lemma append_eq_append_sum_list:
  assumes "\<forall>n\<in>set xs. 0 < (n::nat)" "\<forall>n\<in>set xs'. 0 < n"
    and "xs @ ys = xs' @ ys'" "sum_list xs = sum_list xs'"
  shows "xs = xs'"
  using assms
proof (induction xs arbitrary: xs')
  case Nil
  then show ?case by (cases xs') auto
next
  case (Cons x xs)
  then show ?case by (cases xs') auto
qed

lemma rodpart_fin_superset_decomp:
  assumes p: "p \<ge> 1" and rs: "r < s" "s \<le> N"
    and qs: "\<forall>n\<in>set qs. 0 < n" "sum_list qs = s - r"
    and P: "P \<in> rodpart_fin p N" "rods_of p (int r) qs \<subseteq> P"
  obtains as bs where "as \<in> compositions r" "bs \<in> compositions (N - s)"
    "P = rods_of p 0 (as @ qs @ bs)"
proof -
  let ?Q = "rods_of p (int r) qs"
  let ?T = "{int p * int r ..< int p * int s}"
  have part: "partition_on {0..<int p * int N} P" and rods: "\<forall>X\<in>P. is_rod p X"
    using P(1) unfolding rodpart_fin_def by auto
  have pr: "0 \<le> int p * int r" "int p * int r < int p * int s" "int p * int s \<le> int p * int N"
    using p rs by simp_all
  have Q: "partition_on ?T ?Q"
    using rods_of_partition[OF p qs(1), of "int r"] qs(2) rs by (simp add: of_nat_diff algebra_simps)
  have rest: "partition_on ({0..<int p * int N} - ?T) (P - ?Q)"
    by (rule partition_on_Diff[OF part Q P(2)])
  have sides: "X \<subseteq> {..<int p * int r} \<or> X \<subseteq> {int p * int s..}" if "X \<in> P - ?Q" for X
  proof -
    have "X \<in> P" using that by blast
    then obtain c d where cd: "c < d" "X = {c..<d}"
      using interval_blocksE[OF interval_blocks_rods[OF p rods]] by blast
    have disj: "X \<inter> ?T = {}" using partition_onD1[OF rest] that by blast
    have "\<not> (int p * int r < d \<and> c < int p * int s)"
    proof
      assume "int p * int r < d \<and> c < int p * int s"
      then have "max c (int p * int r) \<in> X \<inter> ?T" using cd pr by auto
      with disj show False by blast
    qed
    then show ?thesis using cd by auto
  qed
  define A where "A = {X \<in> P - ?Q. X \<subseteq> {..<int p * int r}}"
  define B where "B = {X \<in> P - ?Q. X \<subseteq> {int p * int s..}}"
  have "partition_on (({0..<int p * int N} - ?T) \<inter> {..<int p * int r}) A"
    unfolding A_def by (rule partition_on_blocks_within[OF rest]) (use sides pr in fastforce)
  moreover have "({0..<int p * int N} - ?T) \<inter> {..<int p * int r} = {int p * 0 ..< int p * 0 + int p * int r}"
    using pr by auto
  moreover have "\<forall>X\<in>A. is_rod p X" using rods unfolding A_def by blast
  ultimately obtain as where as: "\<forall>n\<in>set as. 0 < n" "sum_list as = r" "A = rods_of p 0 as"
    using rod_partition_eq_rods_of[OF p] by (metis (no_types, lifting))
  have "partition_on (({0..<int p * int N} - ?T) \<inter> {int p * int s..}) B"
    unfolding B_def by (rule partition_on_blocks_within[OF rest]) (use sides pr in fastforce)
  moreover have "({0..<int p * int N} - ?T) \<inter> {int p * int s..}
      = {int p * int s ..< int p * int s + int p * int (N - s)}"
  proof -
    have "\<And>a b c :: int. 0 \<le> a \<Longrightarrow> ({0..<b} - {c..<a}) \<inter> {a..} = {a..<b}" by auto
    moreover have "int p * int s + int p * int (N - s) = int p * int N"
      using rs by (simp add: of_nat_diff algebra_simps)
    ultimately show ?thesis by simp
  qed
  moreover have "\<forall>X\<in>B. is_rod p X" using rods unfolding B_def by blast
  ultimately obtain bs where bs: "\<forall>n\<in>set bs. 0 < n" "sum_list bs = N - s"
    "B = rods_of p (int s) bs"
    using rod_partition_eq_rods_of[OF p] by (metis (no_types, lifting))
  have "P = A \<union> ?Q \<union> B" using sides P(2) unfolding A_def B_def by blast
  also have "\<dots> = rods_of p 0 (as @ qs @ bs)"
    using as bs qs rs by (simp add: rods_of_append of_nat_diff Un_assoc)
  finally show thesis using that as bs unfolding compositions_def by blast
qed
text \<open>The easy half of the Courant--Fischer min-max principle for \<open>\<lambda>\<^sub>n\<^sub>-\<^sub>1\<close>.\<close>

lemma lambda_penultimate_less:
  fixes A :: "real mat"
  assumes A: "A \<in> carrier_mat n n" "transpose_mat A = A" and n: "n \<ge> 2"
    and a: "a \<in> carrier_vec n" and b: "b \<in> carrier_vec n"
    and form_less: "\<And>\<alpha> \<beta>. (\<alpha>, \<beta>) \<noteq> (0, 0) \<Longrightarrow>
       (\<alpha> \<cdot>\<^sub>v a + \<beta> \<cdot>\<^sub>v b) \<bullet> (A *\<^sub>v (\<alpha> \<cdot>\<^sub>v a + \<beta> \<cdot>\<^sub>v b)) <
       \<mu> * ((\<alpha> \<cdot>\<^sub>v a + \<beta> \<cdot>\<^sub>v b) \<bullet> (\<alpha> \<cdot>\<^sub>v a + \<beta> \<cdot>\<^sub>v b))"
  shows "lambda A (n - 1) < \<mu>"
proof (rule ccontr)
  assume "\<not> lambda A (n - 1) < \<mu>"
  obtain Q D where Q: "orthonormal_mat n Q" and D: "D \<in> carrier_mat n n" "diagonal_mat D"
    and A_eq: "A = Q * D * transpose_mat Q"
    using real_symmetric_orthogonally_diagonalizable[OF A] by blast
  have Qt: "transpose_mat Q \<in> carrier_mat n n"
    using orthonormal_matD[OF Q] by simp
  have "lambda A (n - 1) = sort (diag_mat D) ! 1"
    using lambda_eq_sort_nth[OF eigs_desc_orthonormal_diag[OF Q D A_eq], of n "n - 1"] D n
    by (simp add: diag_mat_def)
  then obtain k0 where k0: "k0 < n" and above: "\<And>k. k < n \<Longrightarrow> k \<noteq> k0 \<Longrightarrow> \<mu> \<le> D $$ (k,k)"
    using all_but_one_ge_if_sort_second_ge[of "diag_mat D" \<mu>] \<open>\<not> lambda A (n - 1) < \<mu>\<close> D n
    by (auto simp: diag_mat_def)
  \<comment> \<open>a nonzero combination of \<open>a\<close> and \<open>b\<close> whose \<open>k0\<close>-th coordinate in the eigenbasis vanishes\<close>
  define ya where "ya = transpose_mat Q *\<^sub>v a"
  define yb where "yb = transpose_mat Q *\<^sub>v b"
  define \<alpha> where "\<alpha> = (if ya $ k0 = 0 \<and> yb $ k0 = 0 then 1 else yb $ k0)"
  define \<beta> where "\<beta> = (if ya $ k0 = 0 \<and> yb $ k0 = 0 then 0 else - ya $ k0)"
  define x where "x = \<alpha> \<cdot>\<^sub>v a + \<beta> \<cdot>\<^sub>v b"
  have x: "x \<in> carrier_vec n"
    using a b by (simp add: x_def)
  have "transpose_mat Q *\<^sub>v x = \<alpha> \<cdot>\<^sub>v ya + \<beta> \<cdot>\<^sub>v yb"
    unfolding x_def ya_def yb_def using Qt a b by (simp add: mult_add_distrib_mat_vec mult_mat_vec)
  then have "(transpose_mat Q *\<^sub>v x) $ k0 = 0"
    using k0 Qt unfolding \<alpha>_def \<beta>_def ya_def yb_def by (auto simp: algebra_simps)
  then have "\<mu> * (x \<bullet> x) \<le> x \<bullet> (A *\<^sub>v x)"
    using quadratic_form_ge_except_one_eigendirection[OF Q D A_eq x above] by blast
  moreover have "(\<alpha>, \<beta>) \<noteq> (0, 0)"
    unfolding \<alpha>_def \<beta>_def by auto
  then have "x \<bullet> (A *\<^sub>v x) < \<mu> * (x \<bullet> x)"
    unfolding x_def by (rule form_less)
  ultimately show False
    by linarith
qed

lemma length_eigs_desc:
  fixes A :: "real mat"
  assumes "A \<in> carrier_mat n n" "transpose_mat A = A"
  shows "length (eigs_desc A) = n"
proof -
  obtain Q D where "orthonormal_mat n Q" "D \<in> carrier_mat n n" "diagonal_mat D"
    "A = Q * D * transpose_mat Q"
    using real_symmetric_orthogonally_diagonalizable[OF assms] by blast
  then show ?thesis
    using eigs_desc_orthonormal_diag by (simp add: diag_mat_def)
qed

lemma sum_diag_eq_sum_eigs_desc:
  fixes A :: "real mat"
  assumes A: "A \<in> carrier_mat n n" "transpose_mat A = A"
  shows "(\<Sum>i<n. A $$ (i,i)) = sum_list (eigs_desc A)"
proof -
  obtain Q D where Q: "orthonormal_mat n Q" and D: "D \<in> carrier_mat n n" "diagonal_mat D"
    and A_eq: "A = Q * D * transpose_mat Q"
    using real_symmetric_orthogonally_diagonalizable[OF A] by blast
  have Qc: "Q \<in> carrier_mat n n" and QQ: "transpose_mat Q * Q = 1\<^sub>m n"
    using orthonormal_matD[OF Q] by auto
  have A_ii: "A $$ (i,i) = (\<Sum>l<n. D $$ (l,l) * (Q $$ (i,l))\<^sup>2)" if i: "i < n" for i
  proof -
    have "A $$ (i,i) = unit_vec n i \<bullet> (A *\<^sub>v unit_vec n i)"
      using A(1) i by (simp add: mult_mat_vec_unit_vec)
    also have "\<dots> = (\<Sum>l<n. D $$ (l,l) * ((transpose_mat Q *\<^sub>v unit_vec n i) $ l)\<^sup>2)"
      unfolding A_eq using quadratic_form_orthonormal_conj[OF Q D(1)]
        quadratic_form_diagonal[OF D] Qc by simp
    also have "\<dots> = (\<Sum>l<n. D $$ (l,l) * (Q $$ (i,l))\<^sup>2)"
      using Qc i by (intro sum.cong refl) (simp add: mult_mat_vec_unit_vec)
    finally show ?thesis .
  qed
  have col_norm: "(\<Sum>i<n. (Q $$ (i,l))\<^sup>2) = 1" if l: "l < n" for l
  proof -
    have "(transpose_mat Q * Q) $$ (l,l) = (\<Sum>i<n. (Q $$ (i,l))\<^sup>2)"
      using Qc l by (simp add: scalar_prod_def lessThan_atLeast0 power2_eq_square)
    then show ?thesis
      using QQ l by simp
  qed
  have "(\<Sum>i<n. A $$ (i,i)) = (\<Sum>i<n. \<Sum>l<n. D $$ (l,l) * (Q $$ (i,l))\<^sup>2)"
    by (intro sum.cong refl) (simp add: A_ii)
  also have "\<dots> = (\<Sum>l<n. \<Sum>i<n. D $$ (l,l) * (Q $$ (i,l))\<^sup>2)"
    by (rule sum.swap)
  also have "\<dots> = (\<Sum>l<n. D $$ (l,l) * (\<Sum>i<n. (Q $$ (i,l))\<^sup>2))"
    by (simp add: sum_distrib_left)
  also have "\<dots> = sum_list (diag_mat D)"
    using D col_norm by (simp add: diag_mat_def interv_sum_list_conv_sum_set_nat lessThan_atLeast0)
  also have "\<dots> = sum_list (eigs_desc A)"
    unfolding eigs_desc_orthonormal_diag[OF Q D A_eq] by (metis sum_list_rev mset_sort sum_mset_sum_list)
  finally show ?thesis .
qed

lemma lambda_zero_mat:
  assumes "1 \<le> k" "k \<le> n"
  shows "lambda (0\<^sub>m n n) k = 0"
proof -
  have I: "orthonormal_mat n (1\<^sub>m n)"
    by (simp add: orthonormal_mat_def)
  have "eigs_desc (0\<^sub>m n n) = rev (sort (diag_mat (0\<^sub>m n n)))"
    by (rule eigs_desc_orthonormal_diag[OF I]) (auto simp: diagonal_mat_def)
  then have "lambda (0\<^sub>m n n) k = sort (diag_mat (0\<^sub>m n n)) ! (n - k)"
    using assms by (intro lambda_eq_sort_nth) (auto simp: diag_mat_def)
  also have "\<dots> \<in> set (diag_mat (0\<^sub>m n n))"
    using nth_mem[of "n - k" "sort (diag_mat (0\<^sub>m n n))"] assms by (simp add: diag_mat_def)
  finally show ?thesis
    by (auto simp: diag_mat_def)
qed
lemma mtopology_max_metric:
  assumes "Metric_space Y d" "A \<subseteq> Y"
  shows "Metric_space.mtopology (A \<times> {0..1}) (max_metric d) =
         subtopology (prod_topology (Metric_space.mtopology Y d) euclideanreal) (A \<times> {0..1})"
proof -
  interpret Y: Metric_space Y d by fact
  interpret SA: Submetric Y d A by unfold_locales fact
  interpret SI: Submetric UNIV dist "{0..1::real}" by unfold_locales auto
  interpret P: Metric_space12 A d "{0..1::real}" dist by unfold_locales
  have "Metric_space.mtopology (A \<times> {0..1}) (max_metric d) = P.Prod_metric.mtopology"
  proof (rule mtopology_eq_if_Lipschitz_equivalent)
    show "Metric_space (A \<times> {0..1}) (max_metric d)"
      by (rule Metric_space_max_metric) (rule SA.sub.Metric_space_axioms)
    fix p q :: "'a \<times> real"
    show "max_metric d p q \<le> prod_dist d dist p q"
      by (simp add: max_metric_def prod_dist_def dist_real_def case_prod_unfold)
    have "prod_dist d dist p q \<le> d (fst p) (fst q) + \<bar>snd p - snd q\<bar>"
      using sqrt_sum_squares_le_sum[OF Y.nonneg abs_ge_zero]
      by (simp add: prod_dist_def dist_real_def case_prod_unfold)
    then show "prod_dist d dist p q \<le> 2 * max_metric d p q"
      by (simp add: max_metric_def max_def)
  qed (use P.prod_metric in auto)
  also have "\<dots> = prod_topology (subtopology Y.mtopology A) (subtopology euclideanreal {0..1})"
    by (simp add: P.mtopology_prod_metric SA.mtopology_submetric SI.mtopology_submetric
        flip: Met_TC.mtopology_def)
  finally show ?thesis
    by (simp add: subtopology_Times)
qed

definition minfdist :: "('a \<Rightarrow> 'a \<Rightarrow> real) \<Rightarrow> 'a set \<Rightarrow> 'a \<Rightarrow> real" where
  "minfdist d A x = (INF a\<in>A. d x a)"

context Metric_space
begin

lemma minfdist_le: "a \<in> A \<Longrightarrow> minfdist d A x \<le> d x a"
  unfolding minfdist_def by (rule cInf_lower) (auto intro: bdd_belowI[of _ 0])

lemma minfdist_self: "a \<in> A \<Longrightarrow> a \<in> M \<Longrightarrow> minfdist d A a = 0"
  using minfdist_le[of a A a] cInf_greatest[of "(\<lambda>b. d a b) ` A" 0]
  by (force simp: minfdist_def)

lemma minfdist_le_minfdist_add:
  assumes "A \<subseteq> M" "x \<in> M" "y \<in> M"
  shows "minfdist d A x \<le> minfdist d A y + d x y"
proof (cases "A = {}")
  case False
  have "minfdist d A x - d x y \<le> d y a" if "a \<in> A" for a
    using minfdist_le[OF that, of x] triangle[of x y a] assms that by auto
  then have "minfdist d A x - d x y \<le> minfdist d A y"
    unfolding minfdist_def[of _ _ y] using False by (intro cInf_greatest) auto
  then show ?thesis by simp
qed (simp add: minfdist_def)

* * * * * * *

→ **Task description**
Read the entries above and find each line holding the word "thesis". Copy it out.

→ **Solution to the problem**
    then show ?thesis using cd by auto
    ultimately show ?thesis by simp
  finally show thesis using that as bs unfolding compositions_def by blast
  then show ?thesis
    finally show ?thesis .
    then show ?thesis
  finally show ?thesis .
  finally show ?thesis
  finally show ?thesis
  then show ?thesis by simp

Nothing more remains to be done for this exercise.